Figure 28. Auto-Burst Scan With Sleep Operation Example

7.5 Programming

7.5.1 I2C Interface

The ADS7924 communicates through an I2C interface. I2C is a two-wire, open-drain interface that supports multiple devices and masters on a single bus. Devices on the I2C bus only drive the bus lines low by connecting them to ground; they never drive the bus lines high. Instead, the bus wires are pulled high by pullup resistors, so the bus wires are high when no device is driving them low. This way, two devices cannot conflict; if two devices drive the bus simultaneously, there is no driver contention.

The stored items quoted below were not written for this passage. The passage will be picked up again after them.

text \<open>Online (non-anticipative) scheduler: its behaviour on the time interval [0,t] depends
  only on the tasks revealed before t (their parameters, dependencies and revelation
  times), up to renaming of tasks; not on the number or identity of other tasks.\<close>
definition online :: "nat \<Rightarrow> (task list \<Rightarrow> sched) \<Rightarrow> bool" where
  "online p A \<longleftrightarrow>
     (\<forall>D D' t f.
        valid_dtap p D \<and> valid_dtap p D' \<and>
        bij_betw f (known D (A D) t) (known D' (A D') t) \<and>
        (\<forall>i \<in> known D (A D) t.
           ser_work (D'!f i) = ser_work (D!i) \<and>
           par_work (D'!f i) = par_work (D!i) \<and>
           release (D'!f i) = release (D!i) \<and>
           deps (D'!f i) = f ` deps (D!i) \<and>
           avail_time D' (A D') (f i) = avail_time D (A D) i)
        \<longrightarrow> (\<forall>i \<in> known D (A D) t. \<forall>s \<le> t.
               srate (A D') (f i) s = srate (A D) i s \<and>
               prate (A D') (f i) s = prate (A D) i s))"

end

(*
  The scheduler runs a task serially if its parallel work is at least sqrt p times its serial
  work and in parallel otherwise, so the work it performs on any task is at most sqrt p times
  the serial work.  At every moment each active serial task receives one processor (an equal
  share if more than p are active) and the active parallel tasks share the remaining processors
  equally.  The allocation depends only on the set of active tasks, which makes the scheduler
  online; its completion times are obtained by an event-driven simulation.

  While all p processors are busy, work is done at rate p.  The total work performed is at most
  sqrt p times the total serial work, and any schedule needs awake time at least the total serial
  work divided by p; so this busy time is at most sqrt p times the optimal awake time.  At any
  other moment every active task is serial and runs at full speed.  Follow, from an active task,
  the dependencies that made each task ready back to a release time: each task on this chain
  contributes at most its serial work, which is at most sqrt p times the time it is alive in the
  optimal schedule; these alive intervals are disjoint, and whenever the optimal schedule is idle
  the whole chain is complete.  So this time is also at most sqrt p times the optimal awake time,
  and altogether the awake time is at most 2 sqrt p times the optimal one.
*)

theory Submission
  imports Defs
begin

section \<open>Lebesgue measure on the real line\<close>

lemma sets_lebesgue_if_borel: "S \<in> sets borel \<Longrightarrow> S \<in> sets lebesgue"
  by (metis sets_completionI_sets sets_lborel)

lemma measure_lebesgue_mono_bounded:
  "A \<in> sets borel \<Longrightarrow> B \<in> sets borel \<Longrightarrow> bounded B \<Longrightarrow> A \<subseteq> B \<Longrightarrow>
    measure lebesgue A \<le> measure lebesgue B"
  by (meson bounded_set_imp_lmeasurable measure_mono_fmeasurable sets_lebesgue_if_borel)

lemma measure_lebesgue_Un_finite:
  "A \<in> sets borel \<Longrightarrow> finite F \<Longrightarrow> measure lebesgue (A \<union> F) = measure lebesgue A"
  by (simp add: measure_Un_null_set negligible_finite sets_lebesgue_if_borel flip: negligible_iff_null_sets)

lemma measure_lebesgue_Un_disjoint:
  assumes "A \<in> sets borel" "B \<in> sets borel" "bounded A" "bounded B" "A \<inter> B = {}"
  shows "measure lebesgue (A \<union> B) = measure lebesgue A + measure lebesgue B"
proof -
  have "A \<in> lmeasurable" "B \<in> lmeasurable"
    using assms by (auto intro: bounded_set_imp_lmeasurable sets_lebesgue_if_borel)
  then show ?thesis
    using assms(5) by (intro measure_Union) (auto simp: fmeasurable_def)
qed

lemma measure_Int_Ico_mono:
  fixes A :: "real set"
  assumes "A \<in> sets borel" "x \<le> y"
  shows "measure lebesgue (A \<inter> {r..<x}) \<le> measure lebesgue (A \<inter> {r..<y})"
  using assms by (intro measure_lebesgue_mono_bounded) (auto intro: bounded_Int)

lemma measure_lebesgue_Ico: "a \<le> b \<Longrightarrow> measure lebesgue {a..<b::real} = b - a"
  by (subst measure_completion) auto

lemma measure_lebesgue_Ioo: "a \<le> b \<Longrightarrow> measure lebesgue {a<..<b::real} = b - a"
  by (subst measure_completion) auto

lemma borel_measurable_of_finite_filter:
  fixes g :: "'a set \<Rightarrow> real" and P :: "'a \<Rightarrow> real \<Rightarrow> bool"
  assumes "finite J" and "\<And>j. j \<in> J \<Longrightarrow> {s. P j s} \<in> sets borel"
  shows "(\<lambda>s. g {j \<in> J. P j s}) \<in> borel_measurable borel"
proof -
  have "g {j \<in> J. P j s} = (\<Sum>A\<in>Pow J. if \<forall>j\<in>J. P j s \<longleftrightarrow> j \<in> A then g A else 0)" for s
  proof -
    have "(\<Sum>A\<in>Pow J. if \<forall>j\<in>J. P j s \<longleftrightarrow> j \<in> A then g A else 0)
        = (\<Sum>A\<in>{{j \<in> J. P j s}}. if \<forall>j\<in>J. P j s \<longleftrightarrow> j \<in> A then g A else 0)"
      by (rule sum.mono_neutral_right) (use assms(1) in auto)
    then show ?thesis
      by simp
  qed
  moreover have [measurable]: "Measurable.pred borel (\<lambda>s. \<forall>j\<in>J. P j s \<longleftrightarrow> j \<in> A)" for A
    using assms by (intro pred_intros_finite pred_intros_logic) (auto simp: pred_def)
  have "(\<lambda>s. \<Sum>A\<in>Pow J. if \<forall>j\<in>J. P j s \<longleftrightarrow> j \<in> A then g A else 0) \<in> borel_measurable borel"
    by measurable
  ultimately show ?thesis
    by simp
qed

lemma integrable_on_if_bounded_borel:
  fixes f :: "real \<Rightarrow> real"
  assumes "f \<in> borel_measurable borel" and "\<And>x. \<bar>f x\<bar> \<le> B"
  shows "f integrable_on {a..b}"
proof (rule measurable_bounded_by_integrable_imp_integrable)
  show "f \<in> borel_measurable (lebesgue_on {a..b})"
    using assms(1) by (simp add: measurable_completion measurable_restrict_space1)
qed (use assms(2) in auto)

lemma integral_le_measure:
  fixes f :: "real \<Rightarrow> real"
  assumes "f integrable_on {a..b}" and "X \<in> sets borel"
    and "\<And>t. t \<in> {a..b} \<Longrightarrow> f t \<le> K * indicator X t"
  shows "integral {a..b} f \<le> K * measure lebesgue (X \<inter> {a..b})"
proof -
  have X: "X \<inter> {a..b} \<in> lmeasurable"
    using assms(2) by (intro bounded_set_imp_lmeasurable sets_lebesgue_if_borel) auto
  have "integral {a..b} f \<le> integral {a..b} (\<lambda>t. K * indicator X t)"
    using assms X integrable_on_mult_right[of "indicator X" "{a..b}" K]
    by (intro integral_le) (auto simp: integrable_on_indicator)
  then show ?thesis
    using X by (simp add: integral_indicator)
qed

lemma measure_le_integral:
  fixes f :: "real \<Rightarrow> real"
  assumes "f integrable_on {a..b}" and "X \<in> sets borel"
    and "\<And>t. t \<in> {a..b} \<Longrightarrow> K * indicator X t \<le> f t"
  shows "K * measure lebesgue (X \<inter> {a..b}) \<le> integral {a..b} f"
proof -
  have X: "X \<inter> {a..b} \<in> lmeasurable"
    using assms(2) by (intro bounded_set_imp_lmeasurable sets_lebesgue_if_borel) auto
  have "integral {a..b} (\<lambda>t. K * indicator X t) \<le> integral {a..b} f"
    using assms X integrable_on_mult_right[of "indicator X" "{a..b}" K]
    by (intro integral_le) (auto simp: integrable_on_indicator)
  then show ?thesis
    using X by (simp add: integral_indicator)
qed

lemma sum_integrals_truncated:
  fixes r :: "'i \<Rightarrow> real \<Rightarrow> real"
  assumes "finite I" and "\<And>i b. i \<in> I \<Longrightarrow> r i integrable_on {0..b}" and "\<And>i. i \<in> I \<Longrightarrow> c i \<le> M"
  shows "(\<lambda>t. \<Sum>i\<in>I. if t \<le> c i then r i t else 0) integrable_on {0..M}"
    and "(\<Sum>i\<in>I. integral {0..c i} (r i)) = integral {0..M} (\<lambda>t. \<Sum>i\<in>I. if t \<le> c i then r i t else 0)"
proof -
  have restrict: "min (c i) M = c i" if "i \<in> I" for i
    using assms(3)[OF that] by auto
  have trunc: "(\<lambda>t. if t \<le> c i then r i t else 0) integrable_on {0..M}"
    "integral {0..M} (\<lambda>t. if t \<le> c i then r i t else 0) = integral {0..c i} (r i)" if "i \<in> I" for i
    using integrable_restrict_Int[of "{..c i}" "r i" "{0..M}"] integral_restrict_Int[of "{0..M}" "{..c i}" "r i"]
      assms(2)[OF that] restrict[OF that] by simp_all
  show "(\<lambda>t. \<Sum>i\<in>I. if t \<le> c i then r i t else 0) integrable_on {0..M}"
    using trunc(1) by (rule integrable_sum[OF assms(1)])
  show "(\<Sum>i\<in>I. integral {0..c i} (r i)) = integral {0..M} (\<lambda>t. \<Sum>i\<in>I. if t \<le> c i then r i t else 0)"
    using trunc by (simp add: integral_sum[OF assms(1)])
qed

lemma measure_Ico_bound_near_gap:
  fixes X Y :: "real set"
  assumes X: "X \<in> sets borel" and Y: "Y \<in> sets borel" and K: "1 \<le> K"
    and u: "r \<le> u" "u \<le> s" "s \<le> t" and tail: "{s<..<t} \<subseteq> Y"
    and gap: "measure lebesgue (X \<inter> {r..<u}) \<le> K * measure lebesgue (Y \<inter> {r..<u})"
  shows "measure lebesgue (X \<inter> {r..<t}) \<le> K * measure lebesgue (Y \<inter> {r..<t}) + (s - u)"
proof -
  have "measure lebesgue (X \<inter> {r..<t}) \<le> measure lebesgue ((X \<inter> {r..<u}) \<union> {u..<t})"
    using X by (intro measure_lebesgue_mono_bounded) auto
  also have "\<dots> \<le> measure lebesgue (X \<inter> {r..<u}) + (t - u)"
    using measure_Un_le[of "X \<inter> {r..<u}" lebesgue "{u..<t}"] X u
    by (simp add: sets_lebesgue_if_borel measure_lebesgue_Ico)
  finally have X_bound: "measure lebesgue (X \<inter> {r..<t}) \<le> K * measure lebesgue (Y \<inter> {r..<u}) + (t - u)"
    using gap by simp
  have "measure lebesgue (Y \<inter> {r..<u}) + (t - s) = measure lebesgue ((Y \<inter> {r..<u}) \<union> {s<..<t})"
    using Y u by (subst measure_lebesgue_Un_disjoint) (auto simp: measure_lebesgue_Ioo)
  also have "\<dots> \<le> measure lebesgue (Y \<inter> {r..<t})"
    using Y tail u by (intro measure_lebesgue_mono_bounded) (auto intro: bounded_Int)
  finally have "K * measure lebesgue (Y \<inter> {r..<u}) + K * (t - s) \<le> K * measure lebesgue (Y \<inter> {r..<t})"
    using K by (simp flip: distrib_left)
  moreover have "t - s \<le> K * (t - s)"
    using K u by (simp add: mult_le_cancel_right1)
  ultimately show ?thesis
    using X_bound by linarith
qed

text \<open>If the bound holds up to every point u outside Y, it holds up to t: beyond the last such
  point everything lies in Y, and K \<ge> 1 absorbs that stretch.\<close>

lemma measure_Ico_bound_from_gaps:
  fixes X Y :: "real set"
  assumes X: "X \<in> sets borel" and Y: "Y \<in> sets borel" and K: "1 \<le> K" and "r \<le> t"
    and gaps: "\<And>u. r \<le> u \<Longrightarrow> u \<le> t \<Longrightarrow> u \<notin> Y \<Longrightarrow>
      measure lebesgue (X \<inter> {r..<u}) \<le> K * measure lebesgue (Y \<inter> {r..<u})"
  shows "measure lebesgue (X \<inter> {r..<t}) \<le> K * measure lebesgue (Y \<inter> {r..<t})"
proof -
  define U where "U = {u. r \<le> u \<and> u \<le> t \<and> u \<notin> Y}"
  show ?thesis
  proof (cases "U = {}")
    case True
    then have "Y \<inter> {r..<t} = {r..<t}"
      unfolding U_def by force
    then have "measure lebesgue (X \<inter> {r..<t}) \<le> measure lebesgue (Y \<inter> {r..<t})"
      using X Y by (intro measure_lebesgue_mono_bounded) (auto intro: bounded_Int)
    also have "\<dots> \<le> K * measure lebesgue (Y \<inter> {r..<t})"
      using K by (simp add: mult_le_cancel_right1)
    finally show ?thesis .
  next
    case False
    have bdd: "bdd_above U"
      unfolding U_def by (rule bdd_aboveI[of _ t]) auto
    have s_ub: "u \<le> Sup U" if "u \<in> U" for u
      using that bdd by (rule cSup_upper)
    have "Sup U \<le> t"
      by (rule cSup_least[OF False]) (auto simp: U_def)
    have "r \<le> Sup U"
      using False s_ub unfolding U_def by force
    have tail: "{Sup U<..<t} \<subseteq> Y"
    proof
      fix v
      assume "v \<in> {Sup U<..<t}"
      then show "v \<in> Y"
        using s_ub[of v] \<open>r \<le> Sup U\<close> unfolding U_def by force
    qed
    show ?thesis
    proof (rule field_le_epsilon)
      fix e :: real
      assume "0 < e"
      then obtain u where u: "u \<in> U" "Sup U - e < u"
        using less_cSup_iff[OF False bdd, of "Sup U - e"] by auto
      then have "measure lebesgue (X \<inter> {r..<t}) \<le> K * measure lebesgue (Y \<inter> {r..<t}) + (Sup U - u)"
        using s_ub[OF u(1)] \<open>Sup U \<le> t\<close> tail gaps
        by (intro measure_Ico_bound_near_gap[OF X Y K]) (auto simp: U_def)
      then show "measure lebesgue (X \<inter> {r..<t}) \<le> K * measure lebesgue (Y \<inter> {r..<t}) + e"
        using u(2) by linarith
    qed
  qed
qed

Communication on the I2C bus always takes place between two devices, one acting as the master and the other as the slave. Both masters and slaves can read and write, but slaves can only do so under the direction of the master. Some I2C devices can act as masters or slaves, but the ADS7924 can only act as a slave device.

An I2C bus consists of two lines, SDA and SCL. SDA carries data; SCL provides the clock. All data are transmitted across the I2C bus in groups of eight bits. To send a bit on the I2C bus, the SDA line is driven to the appropriate level while SCL is low (a low on SDA indicates the bit is zero; a high indicates the bit is one). Once the SDA line settles, the SCL line is brought high, then low. This pulse on SCL clocks the SDA bit into the receiver shift register. If the I2C bus is held idle for more than 25 ms, the bus times out.

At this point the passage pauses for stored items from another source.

(* There exist a connected graph $G$ of order $n\geq 2$ and a graph $H$ with connected components $H_1,\dots,H_k$ such that $\chi_L(G\odot H)=\max\{\chi_L(H_t+K_1)\mid 1\leq t\leq k\}$.
   Context: All graphs are finite and simple. A $k$-coloring of a connected graph $G$ is a map $c:V(G)\to\{1,\dots,k\}$ with $c(u)\neq c(v)$ for adjacent $u,v$; it induces the partition $\Pi=\{C_1,\dots,C_k\}$ into color classes $C_i=c^{-1}(i)$. The color code of $v$ is $c_\Pi(v)=(d(v,C_1),\dots,d(v,C_k))$ with $d(v,C_i)=\min\{d(v,x): x\in C_i\}$ (graph distance). $c$ is a locating coloring if distinct vertices have distinct color codes; the locating-chromatic number $\chi_L(G)$ is the least $k$ for which a locating $k$-coloring exists. The corona product $G\odot H$ of a graph $G$ with vertex set $\{a_1,\dots,a_n\}$ and a graph $H$ is obtained from one copy of $G$ and $n$ disjoint copies of $H$ by joining $a_i$ to every vertex of the $i$-th copy of $H$. For a graph $F$, $F+K_1$ denotes the join of $F$ with a single new vertex adjacent to all vertices of $F$. *)

theory Defs
  imports Main
begin

definition graph :: "'a set \<Rightarrow> ('a \<Rightarrow> 'a \<Rightarrow> bool) \<Rightarrow> bool" where
  "graph V E \<longleftrightarrow> finite V \<and>
     (\<forall>u v. E u v \<longrightarrow> u \<in> V \<and> v \<in> V \<and> u \<noteq> v \<and> E v u)"

definition walk :: "'a set \<Rightarrow> ('a \<Rightarrow> 'a \<Rightarrow> bool) \<Rightarrow> 'a list \<Rightarrow> bool" where
  "walk V E xs \<longleftrightarrow> xs \<noteq> [] \<and> set xs \<subseteq> V \<and>
     (\<forall>i. Suc i < length xs \<longrightarrow> E (xs ! i) (xs ! Suc i))"

definition connected_graph :: "'a set \<Rightarrow> ('a \<Rightarrow> 'a \<Rightarrow> bool) \<Rightarrow> bool" where
  "connected_graph V E \<longleftrightarrow> V \<noteq> {} \<and>
     (\<forall>u\<in>V. \<forall>v\<in>V. \<exists>xs. walk V E xs \<and> hd xs = u \<and> last xs = v)"

definition gdist :: "'a set \<Rightarrow> ('a \<Rightarrow> 'a \<Rightarrow> bool) \<Rightarrow> 'a \<Rightarrow> 'a \<Rightarrow> nat" where
  "gdist V E u v = (LEAST n. \<exists>xs. walk V E xs \<and> hd xs = u \<and> last xs = v \<and> length xs = Suc n)"

definition setdist :: "'a set \<Rightarrow> ('a \<Rightarrow> 'a \<Rightarrow> bool) \<Rightarrow> 'a \<Rightarrow> 'a set \<Rightarrow> nat" where
  "setdist V E v C = Min (gdist V E v ` C)"

definition color_code :: "'a set \<Rightarrow> ('a \<Rightarrow> 'a \<Rightarrow> bool) \<Rightarrow> nat \<Rightarrow> ('a \<Rightarrow> nat) \<Rightarrow> 'a \<Rightarrow> nat list" where
  "color_code V E k c v = map (\<lambda>i. setdist V E v {x \<in> V. c x = i}) [1..<Suc k]"

definition locating_coloring :: "'a set \<Rightarrow> ('a \<Rightarrow> 'a \<Rightarrow> bool) \<Rightarrow> nat \<Rightarrow> ('a \<Rightarrow> nat) \<Rightarrow> bool" where
  "locating_coloring V E k c \<longleftrightarrow> c ` V = {1..k} \<and>
     (\<forall>u\<in>V. \<forall>v\<in>V. E u v \<longrightarrow> c u \<noteq> c v) \<and>
     inj_on (color_code V E k c) V"

definition chi_L :: "'a set \<Rightarrow> ('a \<Rightarrow> 'a \<Rightarrow> bool) \<Rightarrow> nat" where
  "chi_L V E = (LEAST k. \<exists>c. locating_coloring V E k c)"

text \<open>Corona product G \<odot> H: vertices Inl a (a in G) and Inr (a,h) (copy of h attached to a).\<close>
definition corona_V :: "'a set \<Rightarrow> 'b set \<Rightarrow> ('a + 'a \<times> 'b) set" where
  "corona_V VG VH = Inl ` VG \<union> Inr ` (VG \<times> VH)"

fun corona_E :: "('a \<Rightarrow> 'a \<Rightarrow> bool) \<Rightarrow> ('b \<Rightarrow> 'b \<Rightarrow> bool) \<Rightarrow> 'b set
     \<Rightarrow> ('a + 'a \<times> 'b) \<Rightarrow> ('a + 'a \<times> 'b) \<Rightarrow> bool" where
  "corona_E EG EH VH (Inl a) (Inl b) = EG a b"
| "corona_E EG EH VH (Inr (a, h)) (Inr (b, h')) = (a = b \<and> EH h h')"
| "corona_E EG EH VH (Inl a) (Inr (b, h)) = (a = b \<and> h \<in> VH)"
| "corona_E EG EH VH (Inr (b, h)) (Inl a) = (a = b \<and> h \<in> VH)"

definition component :: "'a set \<Rightarrow> ('a \<Rightarrow> 'a \<Rightarrow> bool) \<Rightarrow> 'a \<Rightarrow> 'a set" where
  "component V E v = {u \<in> V. \<exists>xs. walk V E xs \<and> hd xs = v \<and> last xs = u}"

definition components :: "'a set \<Rightarrow> ('a \<Rightarrow> 'a \<Rightarrow> bool) \<Rightarrow> 'a set set" where
  "components V E = component V E ` V"

text \<open>F + K_1 for the subgraph of (V,E) induced by S: new apex vertex None.\<close>
definition cone_V :: "'a set \<Rightarrow> 'a option set" where
  "cone_V S = insert None (Some ` S)"

fun cone_E :: "('a \<Rightarrow> 'a \<Rightarrow> bool) \<Rightarrow> 'a set \<Rightarrow> 'a option \<Rightarrow> 'a option \<Rightarrow> bool" where
  "cone_E E S (Some a) (Some b) = (a \<in> S \<and> b \<in> S \<and> E a b)"
| "cone_E E S None (Some b) = (b \<in> S)"
| "cone_E E S (Some a) None = (a \<in> S)"
| "cone_E E S None None = False"

end

theory Submission
  imports Defs "HOL-Combinatorics.Transposition"
begin

text \<open>Take \<open>G = K\<^sub>2\<close> and \<open>H = P\<^sub>3\<close>; then \<open>H\<close> is connected and both \<open>G \<odot> H\<close> and \<open>H + K\<^sub>1\<close>
  have locating-chromatic number 4. For the lower bound, each of these graphs contains adjacent
  vertices \<open>a, b\<close> and two further vertices \<open>l\<^sub>1, l\<^sub>2\<close> adjacent to both of them that are twins
  (swapping them is an automorphism). Twins receiving the same colour would have the same colour
  code, so \<open>a, b, l\<^sub>1, l\<^sub>2\<close> get four distinct colours. For the upper bound, explicit 4-colourings are
  checked to be locating: in a connected graph the distance from a vertex to a colour class is 0,
  1 or at least 2 according to membership and adjacency, and already these truncated colour codes
  are distinct, which is a finite check.\<close>

text \<open>\<open>corona_E\<close> also relates vertices outside \<open>corona_V\<close> (e.g. \<open>Inr (a, h)\<close>, \<open>Inr (a, h')\<close> for any
  \<open>a\<close>), so a corona is not a \<open>graph\<close>; walks and colourings only see the edges inside the
  vertex set, which is all that \<open>simple_on\<close> constrains.\<close>

definition simple_on :: "'a set \<Rightarrow> ('a \<Rightarrow> 'a \<Rightarrow> bool) \<Rightarrow> bool" where
  "simple_on V E \<longleftrightarrow> finite V \<and> (\<forall>u\<in>V. \<forall>v\<in>V. E u v \<longrightarrow> u \<noteq> v \<and> E v u)"

lemma simple_on_if_graph: "graph V E \<Longrightarrow> simple_on V E"
  unfolding graph_def simple_on_def by blast

definition reachable :: "'a set \<Rightarrow> ('a \<Rightarrow> 'a \<Rightarrow> bool) \<Rightarrow> 'a \<Rightarrow> 'a \<Rightarrow> bool" where
  "reachable V E u v \<longleftrightarrow> (\<exists>xs. walk V E xs \<and> hd xs = u \<and> last xs = v)"

lemma connected_graph_iff_reachable:
  "connected_graph V E \<longleftrightarrow> V \<noteq> {} \<and> (\<forall>u\<in>V. \<forall>v\<in>V. reachable V E u v)"
  unfolding connected_graph_def reachable_def by blast

lemma reachable_refl: "u \<in> V \<Longrightarrow> reachable V E u u"
  unfolding reachable_def walk_def by (rule exI[of _ "[u]"]) auto

lemma reachable_Cons:
  assumes "E u v" "u \<in> V" "reachable V E v w"
  shows "reachable V E u w"
proof -
  obtain xs where xs: "walk V E xs" "hd xs = v" "last xs = w"
    using assms(3) unfolding reachable_def by blast
  have "walk V E (u # xs)"
    unfolding walk_def
  proof (intro conjI allI impI)
    show "set (u # xs) \<subseteq> V" using xs(1) assms(2) unfolding walk_def by auto
    fix i assume i: "Suc i < length (u # xs)"
    show "E ((u # xs) ! i) ((u # xs) ! Suc i)"
    proof (cases i)
      case 0 then show ?thesis using xs assms(1) unfolding walk_def by (auto simp: hd_conv_nth)
    next
      case (Suc j) then show ?thesis using xs(1) i unfolding walk_def by auto
    qed
  qed simp
  moreover have "last (u # xs) = w" using xs walk_def by auto
  ultimately show ?thesis unfolding reachable_def by (intro exI[of _ "u # xs"]) auto
qed

lemma reachable_if_rtranclp:
  assumes "(\<lambda>x y. E x y \<and> x \<in> V \<and> y \<in> V)\<^sup>*\<^sup>* u v" "v \<in> V"
  shows "reachable V E u v"
  using assms by (induction rule: converse_rtranclp_induct) (auto intro: reachable_refl reachable_Cons)

lemma connected_graph_if_radius_le_2:
  assumes G: "simple_on V E" and h: "h \<in> V"
    and near: "\<forall>x\<in>V. x = h \<or> E x h \<or> (\<exists>y\<in>V. E x y \<and> E y h)"
  shows "connected_graph V E"
proof -
  define R where "R x y \<longleftrightarrow> E x y \<and> x \<in> V \<and> y \<in> V" for x y
  have edge: "R x y" "R y x" if "E x y" "x \<in> V" "y \<in> V" for x y
    using G that unfolding R_def simple_on_def by blast+
  have hub: "R\<^sup>*\<^sup>* x h \<and> R\<^sup>*\<^sup>* h x" if x: "x \<in> V" for x
  proof -
    consider "x = h" | "E x h" | y where "y \<in> V" "E x y" "E y h" using near x by blast
    then show ?thesis
    proof cases
      case 2 then show ?thesis using edge x h by blast
    next
      case (3 y)
      then have "R x y" "R y h" "R h y" "R y x" using edge x h by blast+
      then show ?thesis by (meson converse_rtranclp_into_rtranclp r_into_rtranclp)
    qed simp
  qed
  have "reachable V E u v" if "u \<in> V" "v \<in> V" for u v
    using reachable_if_rtranclp[of E V u v] hub[OF that(1)] hub[OF that(2)] that(2)
    unfolding R_def[abs_def] by (meson rtranclp_trans)
  then show ?thesis using h unfolding connected_graph_iff_reachable by blast
qed

lemma gdist_le_walk:
  "walk V E xs \<Longrightarrow> hd xs = u \<Longrightarrow> last xs = v \<Longrightarrow> gdist V E u v \<le> length xs - 1"
  unfolding gdist_def by (rule Least_le, rule exI[of _ xs]) (auto simp: walk_def)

The I2C bus is bidirectional: the SDA line is used for both transmitting and receiving data. When the master reads from a slave, the slave drives the data line; when the master sends to a slave, the master drives the data line. The master always drives the clock line. The ADS7924 never drives SCL, because it cannot act as a master. On the ADS7924, SCL is an input only.

Most of the time the bus is idle; no communication occurs, and both lines are high. When communication is taking place, the bus is active. Only master devices can start a communication and initiate a START condition on the bus. Normally, the data line is only allowed to change state while the clock line is low. If the data line changes state while the clock line is high, it is either a START condition or a STOP condition. A START condition occurs when the clock line is high and the data line goes from high to low. A STOP condition occurs when the clock line is high and the data line goes from low to high.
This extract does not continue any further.